::: Record extracts :::
section \<open>The BPAM equilibrium\<close>

text \<open>When the red share of the degree is a, a single attempt of a red newcomer is accepted
  with probability a + \<rho>(1 - a) and one of a blue newcomer with probability a\<rho> + 1 - a.\<close>

definition acceptance_ratio :: "real \<Rightarrow> real \<Rightarrow> real" where
  "acceptance_ratio \<rho> a = (a + \<rho> - a * \<rho>) / (a * \<rho> + 1 - a)"

lemma acceptance_ratio_bounds:
  assumes "0 < \<rho>" "\<rho> < 1" "0 < a" "a < 1"
  shows "\<rho> < acceptance_ratio \<rho> a" "\<rho> * acceptance_ratio \<rho> a < 1"
proof -
  define U V where "U = a + \<rho> - a * \<rho>" and "V = a * \<rho> + 1 - a"
  have "0 < a * \<rho>"
    using assms by simp
  then have "0 < V"
    using assms unfolding V_def by linarith
  have "U - \<rho> * V = a * (1 - \<rho>) * (1 + \<rho>)" "V - \<rho> * U = (1 - a) * (1 - \<rho>) * (1 + \<rho>)"
    unfolding U_def V_def by algebra+
  moreover have "0 < a * (1 - \<rho>) * (1 + \<rho>)" "0 < (1 - a) * (1 - \<rho>) * (1 + \<rho>)"
    using assms by simp_all
  ultimately have "\<rho> * V < U" "\<rho> * U < V"
    by linarith+
  then show "\<rho> < acceptance_ratio \<rho> a" "\<rho> * acceptance_ratio \<rho> a < 1"
    unfolding acceptance_ratio_def U_def[symmetric] V_def[symmetric]
    using \<open>0 < V\<close> by (simp_all add: pos_less_divide_eq pos_divide_less_eq times_divide_eq_right)
qed

lemma acceptance_ratio_inj:
  assumes "0 < \<rho>" "\<rho> < 1" "0 < a\<^sub>1" "a\<^sub>1 < 1" "0 < a\<^sub>2" "a\<^sub>2 < 1"
    and "acceptance_ratio \<rho> a\<^sub>1 = acceptance_ratio \<rho> a\<^sub>2"
  shows "a\<^sub>1 = a\<^sub>2"
proof -
  have "0 < a\<^sub>1 * \<rho>" "0 < a\<^sub>2 * \<rho>"
    using assms by simp_all
  then have "0 < a\<^sub>1 * \<rho> + 1 - a\<^sub>1" "0 < a\<^sub>2 * \<rho> + 1 - a\<^sub>2"
    using assms by linarith+
  then have "(a\<^sub>1 + \<rho> - a\<^sub>1 * \<rho>) * (a\<^sub>2 * \<rho> + 1 - a\<^sub>2) = (a\<^sub>2 + \<rho> - a\<^sub>2 * \<rho>) * (a\<^sub>1 * \<rho> + 1 - a\<^sub>1)"
    using assms(7) unfolding acceptance_ratio_def by (simp add: field_simps)
  moreover have "(a\<^sub>1 + \<rho> - a\<^sub>1 * \<rho>) * (a\<^sub>2 * \<rho> + 1 - a\<^sub>2) - (a\<^sub>2 + \<rho> - a\<^sub>2 * \<rho>) * (a\<^sub>1 * \<rho> + 1 - a\<^sub>1)
      = (1 - \<rho>) * (1 + \<rho>) * (a\<^sub>1 - a\<^sub>2)"
    by algebra
  ultimately show ?thesis
    using assms by simp
qed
:::
=== Task to complete ===
Once you find the line containing "unfolding acceptance_ratio_def U_def[symmetric]", copy it and every line after it through the end of the records, exactly as they stand.

=== Answer box ===
    unfolding acceptance_ratio_def U_def[symmetric] V_def[symmetric]
    using \<open>0 < V\<close> by (simp_all add: pos_less_divide_eq pos_divide_less_eq times_divide_eq_right)
qed

lemma acceptance_ratio_inj:
  assumes "0 < \<rho>" "\<rho> < 1" "0 < a\<^sub>1" "a\<^sub>1 < 1" "0 < a\<^sub>2" "a\<^sub>2 < 1"
    and "acceptance_ratio \<rho> a\<^sub>1 = acceptance_ratio \<rho> a\<^sub>2"
  shows "a\<^sub>1 = a\<^sub>2"
proof -
  have "0 < a\<^sub>1 * \<rho>" "0 < a\<^sub>2 * \<rho>"
    using assms by simp_all
  then have "0 < a\<^sub>1 * \<rho> + 1 - a\<^sub>1" "0 < a\<^sub>2 * \<rho> + 1 - a\<^sub>2"
    using assms by linarith+
  then have "(a\<^sub>1 + \<rho> - a\<^sub>1 * \<rho>) * (a\<^sub>2 * \<rho> + 1 - a\<^sub>2) = (a\<^sub>2 + \<rho> - a\<^sub>2 * \<rho>) * (a\<^sub>1 * \<rho> + 1 - a\<^sub>1)"
    using assms(7) unfolding acceptance_ratio_def by (simp add: field_simps)
  moreover have "(a\<^sub>1 + \<rho> - a\<^sub>1 * \<rho>) * (a\<^sub>2 * \<rho> + 1 - a\<^sub>2) - (a\<^sub>2 + \<rho> - a\<^sub>2 * \<rho>) * (a\<^sub>1 * \<rho> + 1 - a\<^sub>1)
      = (1 - \<rho>) * (1 + \<rho>) * (a\<^sub>1 - a\<^sub>2)"
    by algebra
  ultimately show ?thesis
    using assms by simp
qed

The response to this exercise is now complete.